[[ DATA PROVIDED, beginning ]]

definition increasing_indices :: "nat \<Rightarrow> nat list set" where
  "increasing_indices l = {\<iota>. length \<iota> = l \<and> sorted_wrt (<) \<iota> \<and> (\<forall>j \<in> set \<iota>. 0 < j)}"

definition M_terms :: "nat list \<Rightarrow> (nat \<Rightarrow> nat) \<Rightarrow> nat list set" where
  "M_terms \<beta> \<alpha> = {\<iota> \<in> increasing_indices (length \<beta>). index_monomial \<beta> \<iota> = \<alpha>}"

lemma M_coeff_eq_card_M_terms: "M_coeff \<beta> \<alpha> = card (M_terms \<beta> \<alpha>)"
  unfolding M_coeff_def M_terms_def increasing_indices_def index_monomial_def
  by (intro arg_cong[where f = card] Collect_cong) auto

lemma index_monomial_nth:
  assumes "distinct \<iota>" "length \<iota> = length \<beta>" "j < length \<beta>"
  shows "index_monomial \<beta> \<iota> (\<iota> ! j) = \<beta> ! j"
proof -
  have "index_monomial \<beta> \<iota> (\<iota> ! j) = (\<Sum>j' < length \<beta>. if j' = j then \<beta> ! j' else 0)"
    unfolding index_monomial_def using assms by (intro sum.cong) (auto simp: nth_eq_iff_index_eq)
  then show ?thesis using assms(3) by simp
qed

lemma index_monomial_notin:
  assumes "c \<notin> set \<iota>" "length \<iota> = length \<beta>"
  shows "index_monomial \<beta> \<iota> c = 0"
  unfolding index_monomial_def using assms by (intro sum.neutral) auto

lemma M_terms_iff:
  "\<iota> \<in> M_terms \<beta> \<alpha> \<longleftrightarrow> length \<iota> = length \<beta> \<and> sorted_wrt (<) \<iota> \<and> (\<forall>j \<in> set \<iota>. 0 < j)
      \<and> index_monomial \<beta> \<iota> = \<alpha>"
  by (simp add: M_terms_def increasing_indices_def)

lemma set_M_term:
  assumes "\<iota> \<in> M_terms \<beta> \<alpha>" "\<forall>b \<in> set \<beta>. 0 < b"
  shows "set \<iota> = {c. \<alpha> c \<noteq> 0}"
proof -
  have len: "length \<iota> = length \<beta>" and \<alpha>: "index_monomial \<beta> \<iota> = \<alpha>"
    using assms(1) by (simp_all add: M_terms_iff)
  have "sorted_wrt (<) \<iota>"
    using assms(1) by (simp add: M_terms_iff)
  then have "distinct \<iota>"
    by (simp add: strict_sorted_iff)
  have "c \<in> set \<iota> \<longleftrightarrow> \<alpha> c \<noteq> 0" for c
  proof (cases "c \<in> set \<iota>")
    case True
    then obtain j where j: "j < length \<beta>" "c = \<iota> ! j"
      using len by (auto simp: in_set_conv_nth)
    then have "\<alpha> c = \<beta> ! j"
      using index_monomial_nth[OF \<open>distinct \<iota>\<close> len] \<alpha> by blast
    then show ?thesis
      using True assms(2) nth_mem[OF j(1)] by auto
  next
    case False
    then show ?thesis using index_monomial_notin[OF False len] \<alpha> by simp
  qed
  then show ?thesis by auto
qed
lemma disjnt_shift_bin:
  assumes "distinct xs" "disjnt B1 B2"
  shows "disjnt (shift_bin xs g B1) (shift_bin xs g B2)"
  unfolding disjnt_def
proof (rule equals0I)
  fix y assume "y \<in> shift_bin xs g B1 \<inter> shift_bin xs g B2"
  then have y: "y \<in> shift_bin xs g B1" "y \<in> shift_bin xs g B2" by auto
  show False
  proof (cases "y \<in> set xs")
    case False
    with y assms(2) show False unfolding shift_bin_def disjnt_def by auto
  next
    case True
    from y(1) True obtain i1 where "y = xs ! (i1 + g)" "i1 + g < length xs" "xs ! i1 \<in> B1"
      unfolding shift_bin_def by blast
    moreover from y(2) True obtain i2 where "y = xs ! (i2 + g)" "i2 + g < length xs" "xs ! i2 \<in> B2"
      unfolding shift_bin_def by blast
    ultimately have "i1 = i2" using assms(1) nth_eq_iff_index_eq by fastforce
    with \<open>xs ! i1 \<in> B1\<close> \<open>xs ! i2 \<in> B2\<close> assms(2) show False unfolding disjnt_def by blast
  qed
qed

lemma nth_notin_shift_bin:
  assumes "distinct xs" "i < g" "i < length xs"
  shows "xs ! i \<notin> shift_bin xs g B"
  using assms nth_eq_iff_index_eq unfolding shift_bin_def by fastforce

lemma Union_shifted:
  assumes P: "\<Union>P = A" and xs: "set xs \<subseteq> A"
  shows "\<Union>(shifted xs g P) = A"
proof
  have "shift_bin xs g B \<subseteq> A" if "B \<in> P" for B
    using that P xs unfolding shift_bin_def by (auto intro: nth_mem[THEN subsetD[rotated]])
  then show "\<Union>(shifted xs g P) \<subseteq> A"
    using xs unfolding shifted_def by (auto intro: nth_mem[THEN subsetD[rotated]])
  show "A \<subseteq> \<Union>(shifted xs g P)"
  proof
    fix y assume "y \<in> A"
    show "y \<in> \<Union>(shifted xs g P)"
    proof (cases "y \<in> set xs")
      case False
      with \<open>y \<in> A\<close> P obtain B where "B \<in> P" "y \<in> shift_bin xs g B"
        unfolding shift_bin_def by auto
      then show ?thesis unfolding shifted_def by blast
    next
      case True
      then obtain j where j: "j < length xs" "y = xs ! j" by (metis in_set_conv_nth)
      show ?thesis
      proof (cases "j < g")
        case True
        with j show ?thesis unfolding shifted_def by blast
      next
        case False
        with j xs P obtain B where "B \<in> P" "xs ! (j - g) \<in> B"
          by (metis UnionE diff_le_self le_less_trans nth_mem subsetD)
        with False j have "y \<in> shift_bin xs g B"
          unfolding shift_bin_def by (auto intro!: exI[of _ "j - g"])
        with \<open>B \<in> P\<close> show ?thesis unfolding shifted_def by blast
      qed
    qed
  qed
qed

lemma disjoint_shifted:
  assumes P: "disjoint P" and xs: "distinct xs"
  shows "disjoint (shifted xs g P)"
proof (rule disjointI)
  fix C1 C2 assume C: "C1 \<in> shifted xs g P" "C2 \<in> shifted xs g P" "C1 \<noteq> C2"
  from C(1) show "C1 \<inter> C2 = {}"
  proof (cases rule: shifted_cases)
    case (1 B1)
    from C(2) show ?thesis
    proof (cases rule: shifted_cases)
      case (1 B2)
      with \<open>C1 = shift_bin xs g B1\<close> C(3) have "B1 \<noteq> B2" by auto
      with P \<open>B1 \<in> P\<close> \<open>B2 \<in> P\<close> have "disjnt B1 B2" by (simp add: pairwiseD)
      then show ?thesis
        using 1 \<open>C1 = shift_bin xs g B1\<close> disjnt_shift_bin[OF xs] unfolding disjnt_def by simp
    next
      case (2 i)
      then show ?thesis using \<open>C1 = shift_bin xs g B1\<close> nth_notin_shift_bin[OF xs] by simp
    qed
  next
    case (2 i)
    from C(2) show ?thesis
    proof (cases rule: shifted_cases)
      case (1 B2)
      then show ?thesis using \<open>C1 = {xs ! i}\<close> 2 nth_notin_shift_bin[OF xs] by simp
    next
      case (2 j)
      then show ?thesis using \<open>C1 = {xs ! i}\<close> C(3) by auto
    qed
  qed
qed

lemma partition_on_shifted:
  assumes "partition_on A P" "distinct xs" "set xs \<subseteq> A"
  shows "partition_on A (shifted xs g P)"
proof -
  have "{} \<notin> shifted xs g P" by (simp add: shifted_def)
  with assms show ?thesis unfolding partition_on_def
    using Union_shifted[of P A xs g] disjoint_shifted[of P xs g] by simp
qed

lemma card_shifted_le:
  assumes "finite P" shows "card (shifted xs g P) \<le> card P + g"
proof -
  have "card (shifted xs g P) \<le> card (shift_bin xs g ` P \<union> (\<lambda>i. {xs ! i}) ` {i. i < g \<and> i < length xs})"
    unfolding shifted_def using assms by (intro card_mono) auto
  also have "\<dots> \<le> card (shift_bin xs g ` P) + card ((\<lambda>i. {xs ! i}) ` {i. i < g \<and> i < length xs})"
    by (rule card_Un_le)
  also have "\<dots> \<le> card P + card {i. i < g \<and> i < length xs}"
    by (intro add_mono card_image_le assms) simp
  also have "\<dots> \<le> card P + card {..<g}"
    by (intro add_left_mono card_mono) auto
  finally show ?thesis by simp
qed

definition exceeding_gap :: "(nat \<Rightarrow> real) \<Rightarrow> nat list \<Rightarrow> nat \<Rightarrow> nat set \<Rightarrow> bool" where
  "exceeding_gap s xs g C \<longleftrightarrow> has_exceeding s C \<longrightarrow>
     (\<exists>j<length xs. Max C = xs ! j \<and> (\<forall>y\<in>C - {Max C}. g \<le> j \<and> y \<le> xs ! (j - g)))"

[[ DATA PROVIDED, end ]]

> WHAT YOU NEED TO DO
Using the listing above, copy exactly the line that contains "g B1) (shift_bin", the line that contains "with y assms(2)", and each line that falls between them.

> EXERCISE OUTPUT
  shows "disjnt (shift_bin xs g B1) (shift_bin xs g B2)"
  unfolding disjnt_def
proof (rule equals0I)
  fix y assume "y \<in> shift_bin xs g B1 \<inter> shift_bin xs g B2"
  then have y: "y \<in> shift_bin xs g B1" "y \<in> shift_bin xs g B2" by auto
  show False
  proof (cases "y \<in> set xs")
    case False
    with y assms(2) show False unfolding shift_bin_def disjnt_def by auto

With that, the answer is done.